7 Conclusion and Future Work

In this paper, we were able to show strong security arguments against integral distinguishers for several block ciphers following the SPN and Feistel designs. Although these are the best security guarantees against integral distinguishers so far, in theory, it could still be that it is easy to mount integral attacks. Our result shows that any sum is key-dependent, however, this does not exclude the case where the sum is simply one key bit, which could be exploited in an attack.

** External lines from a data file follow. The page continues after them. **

definition linf_alt_inv :: "nat \<Rightarrow> 'v set \<Rightarrow> 'g set
    \<Rightarrow> ('g \<Rightarrow> 'v \<Rightarrow> 'v) \<Rightarrow> ('v list \<Rightarrow> real) set" where
  "linf_alt_inv n L H phi = {f. (\<forall>xs. xs \<notin> tuples n L \<longrightarrow> f xs = 0) \<and> bounded_fun f \<and>
      alternating n L f \<and> invariant n L H phi f}"

definition restrict_tuples :: "nat \<Rightarrow> 'v set \<Rightarrow> ('v list \<Rightarrow> real) \<Rightarrow> ('v list \<Rightarrow> real)" where
  "restrict_tuples n L f = (\<lambda>xs. if xs \<in> tuples n L then f xs else 0)"

end

theory Submission
  imports Defs
begin

text \<open>
  By (i) every aligned tuple of vertices can be moved into \<open>L\<close> by an element of \<open>G\<close>, so a
  \<open>G\<close>-invariant function supported on aligned tuples is determined by its restriction to \<open>L\<close>.
  Conversely an \<open>H\<close>-invariant function \<open>F\<close> on \<open>L\<close> extends by \<open>F (g x)\<close> for any \<open>g\<close> moving
  \<open>x\<close> into \<open>L\<close>. This is well defined because whenever \<open>k \<in> G\<close> maps a finite subset of \<open>L\<close>
  into \<open>L\<close>, some \<open>h \<in> H\<close> agrees with \<open>k\<close> on it: on the segment of \<open>L\<close> spanned by the subset,
  \<open>k\<close> acts as an affine map of \<open>\<int>\<close>; by (ii) some \<open>h \<in> H\<close> maps the first edge of the segment
  onto its \<open>k\<close>-image, with the same orientation since otherwise \<open>h\<inverse>k\<close> would be an
  inversion; and affine maps agreeing on an edge agree on the segment.
\<close>

lemma int_unit_steps_affine:
  fixes \<psi> :: "int \<Rightarrow> int"
  assumes steps: "\<And>i. a \<le> i \<Longrightarrow> i < b \<Longrightarrow> \<bar>\<psi> (i + 1) - \<psi> i\<bar> = 1"
    and inj: "inj_on \<psi> {a..b}"
    and i: "i \<in> {a..b}"
  shows "\<psi> i = \<psi> a + (\<psi> (a + 1) - \<psi> a) * (i - a)"
proof -
  define d where "d = \<psi> (a + 1) - \<psi> a"
  have const_step: "j < b \<longrightarrow> \<psi> (j + 1) - \<psi> j = d" if "a \<le> j" for j
    using that
  proof (induction j rule: int_ge_induct)
    case base then show ?case by (simp add: d_def)
  next
    case (step j)
    show ?case
    proof
      assume "j + 1 < b"
      have "\<psi> (j + 1 + 1) \<noteq> \<psi> j"
        using inj_onD[OF inj, of "j + 1 + 1" j] step.hyps \<open>j + 1 < b\<close> by auto
      moreover have "\<psi> (j + 1) - \<psi> j = d" using step.IH \<open>j + 1 < b\<close> by simp
      moreover have "\<bar>\<psi> (j + 1) - \<psi> j\<bar> = 1" "\<bar>\<psi> (j + 1 + 1) - \<psi> (j + 1)\<bar> = 1"
        using steps[of j] steps[of "j + 1"] step.hyps \<open>j + 1 < b\<close> by simp_all
      ultimately show "\<psi> (j + 1 + 1) - \<psi> (j + 1) = d" by arith
    qed
  qed
  have affine: "j \<le> b \<longrightarrow> \<psi> j = \<psi> a + d * (j - a)" if "a \<le> j" for j
    using that
  proof (induction j rule: int_ge_induct)
    case (step j)
    show ?case
    proof
      assume "j + 1 \<le> b"
      then have "\<psi> (j + 1) = \<psi> j + d" and "\<psi> j = \<psi> a + d * (j - a)"
        using step const_step[of j] by simp_all
      moreover have "d * (j + 1 - a) = d * (j - a) + d" by (simp add: algebra_simps)
      ultimately show "\<psi> (j + 1) = \<psi> a + d * (j + 1 - a)" by linarith
    qed
  qed simp
  from i have "\<psi> i = \<psi> a + d * (i - a)" using affine[of i] by simp
  then show ?thesis unfolding d_def .
qed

A wider application to more (block) ciphers would be interesting, especially under the aspect of more automatization and less optimization by hand. We see further research directions in closing the gap for GIFT-64 and PRESENT between the best known integral distinguisher and the integral-resistance property, and a more intuitive understanding of what allows the degree to be extended to more rounds. For the question of covering more rounds, in the case of an algebraic degree, it would be interesting to better understand which S-boxes, or family of S-boxes, allow to preserve the degree for more rounds.

Our results are inherently non applicable to cryptographic permutations because (i) the key addition is crucial for our results and to reduce the complexity of the MILP models and (ii) the conditions for the integral distinguisher cannot be fulfilled. Deriving similar results for permutations or permutation based schemes would be interesting.